**Source data:**
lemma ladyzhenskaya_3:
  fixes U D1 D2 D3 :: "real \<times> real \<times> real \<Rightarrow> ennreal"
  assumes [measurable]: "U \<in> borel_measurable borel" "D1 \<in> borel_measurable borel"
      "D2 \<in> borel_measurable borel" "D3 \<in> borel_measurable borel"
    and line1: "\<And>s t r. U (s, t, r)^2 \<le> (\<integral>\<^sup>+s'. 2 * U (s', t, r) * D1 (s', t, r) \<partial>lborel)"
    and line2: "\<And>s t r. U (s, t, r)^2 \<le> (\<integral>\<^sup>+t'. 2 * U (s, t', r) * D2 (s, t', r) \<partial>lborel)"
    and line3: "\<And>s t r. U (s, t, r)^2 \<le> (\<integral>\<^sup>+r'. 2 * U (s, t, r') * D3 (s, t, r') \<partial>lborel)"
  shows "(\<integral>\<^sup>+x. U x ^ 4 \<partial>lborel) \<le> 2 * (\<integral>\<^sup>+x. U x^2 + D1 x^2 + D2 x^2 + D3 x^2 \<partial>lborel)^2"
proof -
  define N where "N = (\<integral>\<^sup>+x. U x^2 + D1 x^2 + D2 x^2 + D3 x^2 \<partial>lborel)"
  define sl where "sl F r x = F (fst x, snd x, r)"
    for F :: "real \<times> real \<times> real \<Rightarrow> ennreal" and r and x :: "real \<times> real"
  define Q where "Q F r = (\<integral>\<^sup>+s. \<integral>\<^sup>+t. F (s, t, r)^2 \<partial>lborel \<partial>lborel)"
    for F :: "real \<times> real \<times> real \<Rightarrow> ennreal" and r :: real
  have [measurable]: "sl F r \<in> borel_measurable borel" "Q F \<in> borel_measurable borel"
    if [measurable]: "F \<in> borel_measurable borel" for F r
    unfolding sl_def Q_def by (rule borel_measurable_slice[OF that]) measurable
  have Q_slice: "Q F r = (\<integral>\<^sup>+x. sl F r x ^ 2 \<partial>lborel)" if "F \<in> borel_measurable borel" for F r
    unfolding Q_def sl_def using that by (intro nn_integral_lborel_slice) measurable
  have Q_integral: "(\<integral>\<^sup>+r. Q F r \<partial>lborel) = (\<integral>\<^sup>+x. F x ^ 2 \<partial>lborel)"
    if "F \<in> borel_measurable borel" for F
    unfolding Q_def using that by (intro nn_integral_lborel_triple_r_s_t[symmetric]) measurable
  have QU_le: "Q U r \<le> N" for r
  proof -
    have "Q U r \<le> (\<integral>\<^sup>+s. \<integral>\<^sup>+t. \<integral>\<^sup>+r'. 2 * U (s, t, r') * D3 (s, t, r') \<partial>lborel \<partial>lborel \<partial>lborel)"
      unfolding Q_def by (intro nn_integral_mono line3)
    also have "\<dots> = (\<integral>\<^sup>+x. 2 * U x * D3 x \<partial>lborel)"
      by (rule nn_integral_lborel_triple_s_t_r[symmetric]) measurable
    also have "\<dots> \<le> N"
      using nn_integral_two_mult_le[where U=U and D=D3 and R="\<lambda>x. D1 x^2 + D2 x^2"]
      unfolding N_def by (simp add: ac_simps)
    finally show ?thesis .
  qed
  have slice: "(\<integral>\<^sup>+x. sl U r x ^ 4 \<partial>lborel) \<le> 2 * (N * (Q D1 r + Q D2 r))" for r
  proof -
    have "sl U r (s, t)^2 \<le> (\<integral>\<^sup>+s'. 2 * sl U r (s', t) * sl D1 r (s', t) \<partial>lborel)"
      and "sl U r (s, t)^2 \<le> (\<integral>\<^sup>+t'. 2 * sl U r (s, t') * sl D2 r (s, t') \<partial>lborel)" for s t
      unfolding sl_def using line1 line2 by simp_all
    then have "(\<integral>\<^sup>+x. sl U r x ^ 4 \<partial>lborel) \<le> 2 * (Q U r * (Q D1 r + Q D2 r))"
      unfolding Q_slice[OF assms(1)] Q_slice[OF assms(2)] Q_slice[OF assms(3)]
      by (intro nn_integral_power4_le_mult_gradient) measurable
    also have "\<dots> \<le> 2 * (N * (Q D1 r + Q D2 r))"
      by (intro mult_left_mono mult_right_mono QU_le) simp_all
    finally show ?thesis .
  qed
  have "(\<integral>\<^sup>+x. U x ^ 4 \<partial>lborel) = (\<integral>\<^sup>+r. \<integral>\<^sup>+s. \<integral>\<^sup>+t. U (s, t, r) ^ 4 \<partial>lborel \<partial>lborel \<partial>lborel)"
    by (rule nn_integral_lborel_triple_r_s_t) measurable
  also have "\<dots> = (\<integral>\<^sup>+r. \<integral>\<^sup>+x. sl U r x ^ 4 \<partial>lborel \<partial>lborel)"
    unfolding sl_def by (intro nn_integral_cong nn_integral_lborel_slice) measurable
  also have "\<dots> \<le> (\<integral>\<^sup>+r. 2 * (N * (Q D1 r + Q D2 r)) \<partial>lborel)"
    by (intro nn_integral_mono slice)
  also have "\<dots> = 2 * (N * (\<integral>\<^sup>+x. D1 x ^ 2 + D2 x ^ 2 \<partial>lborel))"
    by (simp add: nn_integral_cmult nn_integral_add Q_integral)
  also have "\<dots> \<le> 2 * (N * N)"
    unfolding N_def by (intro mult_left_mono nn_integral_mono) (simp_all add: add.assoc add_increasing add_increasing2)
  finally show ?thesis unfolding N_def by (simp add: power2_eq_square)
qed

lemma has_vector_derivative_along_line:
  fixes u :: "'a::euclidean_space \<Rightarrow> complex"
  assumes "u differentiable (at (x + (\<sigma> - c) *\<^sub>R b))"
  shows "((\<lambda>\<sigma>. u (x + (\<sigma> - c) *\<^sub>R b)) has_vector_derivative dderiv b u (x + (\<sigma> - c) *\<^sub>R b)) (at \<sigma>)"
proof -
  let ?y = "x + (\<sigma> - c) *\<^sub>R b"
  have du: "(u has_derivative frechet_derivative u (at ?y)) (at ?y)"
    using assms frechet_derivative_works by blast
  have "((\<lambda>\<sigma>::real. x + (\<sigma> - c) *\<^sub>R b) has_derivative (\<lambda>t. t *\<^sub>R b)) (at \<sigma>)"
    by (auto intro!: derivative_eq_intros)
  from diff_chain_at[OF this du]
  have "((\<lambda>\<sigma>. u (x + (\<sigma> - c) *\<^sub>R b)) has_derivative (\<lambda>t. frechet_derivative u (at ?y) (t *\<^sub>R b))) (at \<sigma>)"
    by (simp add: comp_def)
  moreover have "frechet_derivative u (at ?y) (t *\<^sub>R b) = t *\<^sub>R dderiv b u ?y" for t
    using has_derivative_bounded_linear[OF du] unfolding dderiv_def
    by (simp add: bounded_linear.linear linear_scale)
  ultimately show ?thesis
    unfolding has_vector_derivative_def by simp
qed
==
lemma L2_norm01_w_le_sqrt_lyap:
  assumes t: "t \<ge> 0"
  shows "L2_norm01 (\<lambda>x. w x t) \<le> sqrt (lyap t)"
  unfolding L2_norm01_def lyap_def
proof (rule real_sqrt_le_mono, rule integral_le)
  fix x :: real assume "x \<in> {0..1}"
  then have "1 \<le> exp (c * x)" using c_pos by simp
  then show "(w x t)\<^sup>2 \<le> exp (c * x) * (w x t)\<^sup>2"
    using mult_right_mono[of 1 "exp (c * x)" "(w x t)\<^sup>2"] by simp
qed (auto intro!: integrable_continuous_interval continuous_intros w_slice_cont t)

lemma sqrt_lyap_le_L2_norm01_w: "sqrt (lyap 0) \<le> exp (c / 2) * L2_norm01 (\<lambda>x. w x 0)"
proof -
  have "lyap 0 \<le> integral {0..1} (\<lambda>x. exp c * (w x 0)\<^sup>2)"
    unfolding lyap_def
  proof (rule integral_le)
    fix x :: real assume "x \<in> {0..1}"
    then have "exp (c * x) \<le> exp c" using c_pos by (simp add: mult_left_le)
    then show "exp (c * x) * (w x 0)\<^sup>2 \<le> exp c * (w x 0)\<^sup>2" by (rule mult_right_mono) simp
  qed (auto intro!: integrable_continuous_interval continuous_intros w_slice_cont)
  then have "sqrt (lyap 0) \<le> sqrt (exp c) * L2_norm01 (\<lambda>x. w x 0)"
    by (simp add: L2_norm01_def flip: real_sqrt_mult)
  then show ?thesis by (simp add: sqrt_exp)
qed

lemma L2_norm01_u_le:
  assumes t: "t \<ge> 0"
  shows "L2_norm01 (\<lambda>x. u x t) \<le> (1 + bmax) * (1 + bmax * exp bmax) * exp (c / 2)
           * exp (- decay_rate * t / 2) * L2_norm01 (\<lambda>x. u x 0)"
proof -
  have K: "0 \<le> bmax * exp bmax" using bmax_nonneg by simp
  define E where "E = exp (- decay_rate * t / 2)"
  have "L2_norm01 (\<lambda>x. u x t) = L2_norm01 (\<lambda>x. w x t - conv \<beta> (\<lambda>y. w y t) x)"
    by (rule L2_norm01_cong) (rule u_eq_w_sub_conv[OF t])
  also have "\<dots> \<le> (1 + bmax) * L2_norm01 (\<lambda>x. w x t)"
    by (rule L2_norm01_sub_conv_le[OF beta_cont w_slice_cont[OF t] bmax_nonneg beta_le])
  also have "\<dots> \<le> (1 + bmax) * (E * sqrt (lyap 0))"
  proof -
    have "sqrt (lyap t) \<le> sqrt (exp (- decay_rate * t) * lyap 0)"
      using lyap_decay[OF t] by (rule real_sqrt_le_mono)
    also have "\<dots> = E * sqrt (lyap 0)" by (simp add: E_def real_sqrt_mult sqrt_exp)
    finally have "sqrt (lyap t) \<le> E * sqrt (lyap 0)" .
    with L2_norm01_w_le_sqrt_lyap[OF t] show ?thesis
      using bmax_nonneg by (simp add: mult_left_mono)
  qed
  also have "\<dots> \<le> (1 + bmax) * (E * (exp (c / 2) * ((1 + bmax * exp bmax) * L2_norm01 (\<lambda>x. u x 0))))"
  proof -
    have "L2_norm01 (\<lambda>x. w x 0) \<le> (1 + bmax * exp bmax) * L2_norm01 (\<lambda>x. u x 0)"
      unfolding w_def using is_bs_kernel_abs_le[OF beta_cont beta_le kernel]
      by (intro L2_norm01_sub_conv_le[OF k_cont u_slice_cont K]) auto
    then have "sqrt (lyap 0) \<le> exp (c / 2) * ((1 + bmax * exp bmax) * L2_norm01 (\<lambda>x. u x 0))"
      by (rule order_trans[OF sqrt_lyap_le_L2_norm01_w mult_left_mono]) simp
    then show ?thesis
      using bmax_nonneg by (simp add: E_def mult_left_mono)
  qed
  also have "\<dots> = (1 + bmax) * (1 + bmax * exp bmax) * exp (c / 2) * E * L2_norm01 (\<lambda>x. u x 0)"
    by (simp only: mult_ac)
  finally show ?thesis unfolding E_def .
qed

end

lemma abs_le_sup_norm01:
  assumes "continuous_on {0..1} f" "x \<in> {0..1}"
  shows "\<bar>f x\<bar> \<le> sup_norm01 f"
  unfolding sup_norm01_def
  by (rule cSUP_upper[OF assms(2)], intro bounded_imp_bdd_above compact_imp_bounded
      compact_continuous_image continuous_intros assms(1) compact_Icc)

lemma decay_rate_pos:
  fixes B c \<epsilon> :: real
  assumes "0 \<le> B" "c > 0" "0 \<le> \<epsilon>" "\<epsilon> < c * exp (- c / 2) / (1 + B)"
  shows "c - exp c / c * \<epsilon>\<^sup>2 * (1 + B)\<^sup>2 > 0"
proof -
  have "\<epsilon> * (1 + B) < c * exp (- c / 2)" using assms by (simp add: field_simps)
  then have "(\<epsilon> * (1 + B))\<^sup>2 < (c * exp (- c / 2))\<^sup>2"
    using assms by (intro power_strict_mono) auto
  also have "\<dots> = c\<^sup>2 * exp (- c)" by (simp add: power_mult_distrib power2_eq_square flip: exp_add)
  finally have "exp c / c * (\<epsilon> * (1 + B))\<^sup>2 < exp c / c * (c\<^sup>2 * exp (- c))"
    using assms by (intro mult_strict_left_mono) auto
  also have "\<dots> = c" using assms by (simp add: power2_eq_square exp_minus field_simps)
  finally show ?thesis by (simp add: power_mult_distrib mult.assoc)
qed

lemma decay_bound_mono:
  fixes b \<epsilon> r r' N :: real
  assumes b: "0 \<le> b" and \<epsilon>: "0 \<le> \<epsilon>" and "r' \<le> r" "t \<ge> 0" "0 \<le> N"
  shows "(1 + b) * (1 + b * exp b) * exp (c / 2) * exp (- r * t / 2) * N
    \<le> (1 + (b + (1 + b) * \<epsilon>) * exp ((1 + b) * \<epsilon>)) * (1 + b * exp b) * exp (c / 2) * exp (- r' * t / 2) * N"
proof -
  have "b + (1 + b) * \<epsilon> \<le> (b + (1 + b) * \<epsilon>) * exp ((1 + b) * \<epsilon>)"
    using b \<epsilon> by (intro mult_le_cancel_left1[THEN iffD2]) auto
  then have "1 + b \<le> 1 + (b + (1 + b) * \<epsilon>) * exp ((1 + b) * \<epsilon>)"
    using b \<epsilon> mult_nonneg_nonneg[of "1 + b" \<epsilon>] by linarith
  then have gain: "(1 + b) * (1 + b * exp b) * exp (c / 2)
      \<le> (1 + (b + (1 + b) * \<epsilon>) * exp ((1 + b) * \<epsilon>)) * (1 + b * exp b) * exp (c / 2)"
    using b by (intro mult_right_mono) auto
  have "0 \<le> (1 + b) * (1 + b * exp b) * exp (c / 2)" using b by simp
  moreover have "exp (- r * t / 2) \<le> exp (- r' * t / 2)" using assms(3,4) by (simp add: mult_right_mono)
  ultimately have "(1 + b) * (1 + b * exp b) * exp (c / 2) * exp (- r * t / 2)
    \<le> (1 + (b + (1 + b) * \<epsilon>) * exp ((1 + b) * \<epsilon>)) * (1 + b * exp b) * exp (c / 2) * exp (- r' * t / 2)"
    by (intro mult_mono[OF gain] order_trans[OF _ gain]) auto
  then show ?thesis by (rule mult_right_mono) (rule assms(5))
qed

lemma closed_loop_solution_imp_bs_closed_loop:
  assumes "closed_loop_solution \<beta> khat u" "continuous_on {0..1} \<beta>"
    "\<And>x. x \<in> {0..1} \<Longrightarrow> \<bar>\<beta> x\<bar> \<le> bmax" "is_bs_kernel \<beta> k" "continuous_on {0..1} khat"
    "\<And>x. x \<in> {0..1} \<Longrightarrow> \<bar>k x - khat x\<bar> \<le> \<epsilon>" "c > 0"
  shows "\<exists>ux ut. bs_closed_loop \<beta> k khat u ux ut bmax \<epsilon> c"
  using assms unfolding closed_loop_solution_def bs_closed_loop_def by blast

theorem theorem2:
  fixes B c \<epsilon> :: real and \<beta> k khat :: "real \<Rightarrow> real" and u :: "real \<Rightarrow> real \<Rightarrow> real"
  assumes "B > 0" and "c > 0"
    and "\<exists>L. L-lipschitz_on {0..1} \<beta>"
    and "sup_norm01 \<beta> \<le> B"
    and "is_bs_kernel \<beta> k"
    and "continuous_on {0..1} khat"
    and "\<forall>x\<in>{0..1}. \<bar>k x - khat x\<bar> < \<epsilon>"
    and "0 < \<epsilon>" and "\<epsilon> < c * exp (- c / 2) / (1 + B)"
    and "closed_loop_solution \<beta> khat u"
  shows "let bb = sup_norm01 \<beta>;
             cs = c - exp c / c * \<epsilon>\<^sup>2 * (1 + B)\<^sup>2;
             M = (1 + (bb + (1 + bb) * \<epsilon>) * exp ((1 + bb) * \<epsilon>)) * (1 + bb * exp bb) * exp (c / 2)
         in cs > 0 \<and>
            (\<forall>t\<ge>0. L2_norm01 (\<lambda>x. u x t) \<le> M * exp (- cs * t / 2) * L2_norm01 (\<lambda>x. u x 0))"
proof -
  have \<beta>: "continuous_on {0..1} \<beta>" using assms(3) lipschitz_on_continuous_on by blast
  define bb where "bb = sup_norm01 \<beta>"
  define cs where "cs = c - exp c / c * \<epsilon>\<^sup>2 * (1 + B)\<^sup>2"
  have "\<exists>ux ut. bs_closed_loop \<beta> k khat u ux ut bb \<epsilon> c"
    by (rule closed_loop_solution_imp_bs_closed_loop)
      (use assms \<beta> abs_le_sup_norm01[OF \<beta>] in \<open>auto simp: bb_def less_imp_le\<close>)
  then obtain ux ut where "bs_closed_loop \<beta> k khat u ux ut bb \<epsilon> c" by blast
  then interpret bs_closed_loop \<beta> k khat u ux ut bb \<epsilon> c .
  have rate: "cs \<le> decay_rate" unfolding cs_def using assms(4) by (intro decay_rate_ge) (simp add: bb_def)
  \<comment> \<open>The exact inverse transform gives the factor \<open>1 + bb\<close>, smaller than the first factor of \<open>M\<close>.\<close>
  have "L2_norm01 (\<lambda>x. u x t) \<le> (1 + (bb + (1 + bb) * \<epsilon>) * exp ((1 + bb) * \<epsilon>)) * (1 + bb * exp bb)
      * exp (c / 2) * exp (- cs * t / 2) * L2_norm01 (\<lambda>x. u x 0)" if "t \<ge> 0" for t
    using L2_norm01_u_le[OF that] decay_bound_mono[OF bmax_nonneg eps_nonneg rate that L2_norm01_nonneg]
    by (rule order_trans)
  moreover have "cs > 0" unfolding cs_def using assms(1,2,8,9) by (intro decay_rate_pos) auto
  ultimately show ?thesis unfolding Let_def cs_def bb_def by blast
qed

**What is needed:** Give back exactly the lines above, from the line containing "(\<forall>t\<ge>0. L2_norm01 (\<lambda>x." through the line containing "by (rule closed_loop_solution_imp_bs_closed_loop)", with both end lines and nothing more.

**Exercise solution:**
            (\<forall>t\<ge>0. L2_norm01 (\<lambda>x. u x t) \<le> M * exp (- cs * t / 2) * L2_norm01 (\<lambda>x. u x 0))"
proof -
  have \<beta>: "continuous_on {0..1} \<beta>" using assms(3) lipschitz_on_continuous_on by blast
  define bb where "bb = sup_norm01 \<beta>"
  define cs where "cs = c - exp c / c * \<epsilon>\<^sup>2 * (1 + B)\<^sup>2"
  have "\<exists>ux ut. bs_closed_loop \<beta> k khat u ux ut bb \<epsilon> c"
    by (rule closed_loop_solution_imp_bs_closed_loop)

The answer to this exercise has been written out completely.